▶ **Task prompt**
Every record is to be printed exactly as it appears.
-------------------------
lemma FQST_reroute_delete:
  assumes F: "FQST Z zBS S par f" and "finite Z"
    and x: "x \<in> fq_nodes Z zBS S" "x \<noteq> zBS"
    and u: "u \<in> fq_nodes Z zBS S - {zBS}" "par u = x"
    and xS: "x \<in> S" and only_u: "{w \<in> fq_nodes Z zBS S - {zBS}. par w = x} = {u}"
    and eq: "f x = f u"
  shows "FQST Z zBS (S - {x}) (par(u := par x)) (f(x := f x - f u))"
proof -
  define V where "V = fq_nodes Z zBS S"
  let ?p' = "par(u := par x)"
  note basics = FQST_reroute_basics[OF assms(1-6), folded V_def]
  have closed: "\<forall>v \<in> V - {zBS}. par v \<in> V \<and> par v \<noteq> v"
    and pos: "\<forall>v \<in> V - {zBS}. f v > 0" and disj: "S \<inter> (Z \<union> {zBS}) = {}"
    and src: "\<forall>z \<in> Z. f z - inflow (V - {zBS}) par f z = 1"
    and st: "\<forall>s \<in> S. f s = inflow (V - {zBS}) par f s"
    and sink: "inflow (V - {zBS}) par f zBS = real (card Z)" and finS: "finite S"
    using F unfolding FQST_iff Let_def V_def by auto
  have f': "f(x := f x - f u) = f(x := 0)" using eq by simp
  have V': "fq_nodes Z zBS (S - {x}) = V - {x}"
    using xS disj unfolding V_def fq_nodes_def by auto
  have inflow': "inflow (V - {x} - {zBS}) ?p' (f(x := 0)) z = inflow (V - {zBS}) par f z"
    if "z \<noteq> x" for z
  proof -
    have "V - {x} - {zBS} = (V - {zBS}) - {x}" by blast
    then have "inflow (V - {x} - {zBS}) ?p' (f(x := 0)) z = inflow (V - {zBS}) ?p' (f(x := 0)) z"
      using inflow_remove_null[of "V - {zBS}" "f(x := 0)" x] basics(1) by simp
    also have "\<dots> = inflow (V - {zBS}) par f z"
    proof -
      have "inflow (V - {zBS}) ?p' (f(x := f x - f u)) z
          = inflow (V - {zBS}) par f z - (if z = x then f u else 0)"
        using basics(1,2) x u by (intro inflow_reroute) (auto simp: V_def)
      then show ?thesis using that unfolding f' by simp
    qed
    finally show ?thesis .
  qed
  show ?thesis
    unfolding FQST_iff Let_def V' f'
  proof (intro conjI)
    show "finite (S - {x})" "(S - {x}) \<inter> (Z \<union> {zBS}) = {}" using finS disj by auto
    show "\<forall>v \<in> V - {x} - {zBS}. ?p' v \<in> V - {x} \<and> ?p' v \<noteq> v"
      using closed basics only_u unfolding V_def by auto
    show "\<forall>v \<in> V - {x}. \<exists>k. (?p' ^^ k) v = zBS" using basics(6) by auto
    show "\<forall>v \<in> V - {x} - {zBS}. (f(x := 0)) v > 0" using pos by auto
    show "\<forall>z \<in> Z. (f(x := 0)) z - inflow (V - {x} - {zBS}) ?p' (f(x := 0)) z = 1"
      using src disj xS inflow' by auto
    show "\<forall>s \<in> S - {x}. (f(x := 0)) s = inflow (V - {x} - {zBS}) ?p' (f(x := 0)) s"
      using st inflow' by auto
    show "inflow (V - {x} - {zBS}) ?p' (f(x := 0)) zBS = real (card Z)"
      using sink inflow' x(2) by auto
  qed
qed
-------------------------
▶ **Response area**
lemma FQST_reroute_delete:
  assumes F: "FQST Z zBS S par f" and "finite Z"
    and x: "x \<in> fq_nodes Z zBS S" "x \<noteq> zBS"
    and u: "u \<in> fq_nodes Z zBS S - {zBS}" "par u = x"
    and xS: "x \<in> S" and only_u: "{w \<in> fq_nodes Z zBS S - {zBS}. par w = x} = {u}"
    and eq: "f x = f u"
  shows "FQST Z zBS (S - {x}) (par(u := par x)) (f(x := f x - f u))"
proof -
  define V where "V = fq_nodes Z zBS S"
  let ?p' = "par(u := par x)"
  note basics = FQST_reroute_basics[OF assms(1-6), folded V_def]
  have closed: "\<forall>v \<in> V - {zBS}. par v \<in> V \<and> par v \<noteq> v"
    and pos: "\<forall>v \<in> V - {zBS}. f v > 0" and disj: "S \<inter> (Z \<union> {zBS}) = {}"
    and src: "\<forall>z \<in> Z. f z - inflow (V - {zBS}) par f z = 1"
    and st: "\<forall>s \<in> S. f s = inflow (V - {zBS}) par f s"
    and sink: "inflow (V - {zBS}) par f zBS = real (card Z)" and finS: "finite S"
    using F unfolding FQST_iff Let_def V_def by auto
  have f': "f(x := f x - f u) = f(x := 0)" using eq by simp
  have V': "fq_nodes Z zBS (S - {x}) = V - {x}"
    using xS disj unfolding V_def fq_nodes_def by auto
  have inflow': "inflow (V - {x} - {zBS}) ?p' (f(x := 0)) z = inflow (V - {zBS}) par f z"
    if "z \<noteq> x" for z
  proof -
    have "V - {x} - {zBS} = (V - {zBS}) - {x}" by blast
    then have "inflow (V - {x} - {zBS}) ?p' (f(x := 0)) z = inflow (V - {zBS}) ?p' (f(x := 0)) z"
      using inflow_remove_null[of "V - {zBS}" "f(x := 0)" x] basics(1) by simp
    also have "\<dots> = inflow (V - {zBS}) par f z"
    proof -
      have "inflow (V - {zBS}) ?p' (f(x := f x - f u)) z
          = inflow (V - {zBS}) par f z - (if z = x then f u else 0)"
        using basics(1,2) x u by (intro inflow_reroute) (auto simp: V_def)
      then show ?thesis using that unfolding f' by simp
    qed
    finally show ?thesis .
  qed
  show ?thesis
    unfolding FQST_iff Let_def V' f'
  proof (intro conjI)
    show "finite (S - {x})" "(S - {x}) \<inter> (Z \<union> {zBS}) = {}" using finS disj by auto
    show "\<forall>v \<in> V - {x} - {zBS}. ?p' v \<in> V - {x} \<and> ?p' v \<noteq> v"
      using closed basics only_u unfolding V_def by auto
    show "\<forall>v \<in> V - {x}. \<exists>k. (?p' ^^ k) v = zBS" using basics(6) by auto
    show "\<forall>v \<in> V - {x} - {zBS}. (f(x := 0)) v > 0" using pos by auto
    show "\<forall>z \<in> Z. (f(x := 0)) z - inflow (V - {x} - {zBS}) ?p' (f(x := 0)) z = 1"
      using src disj xS inflow' by auto
    show "\<forall>s \<in> S - {x}. (f(x := 0)) s = inflow (V - {x} - {zBS}) ?p' (f(x := 0)) s"
      using st inflow' by auto
    show "inflow (V - {x} - {zBS}) ?p' (f(x := 0)) zBS = real (card Z)"
      using sink inflow' x(2) by auto
  qed
qed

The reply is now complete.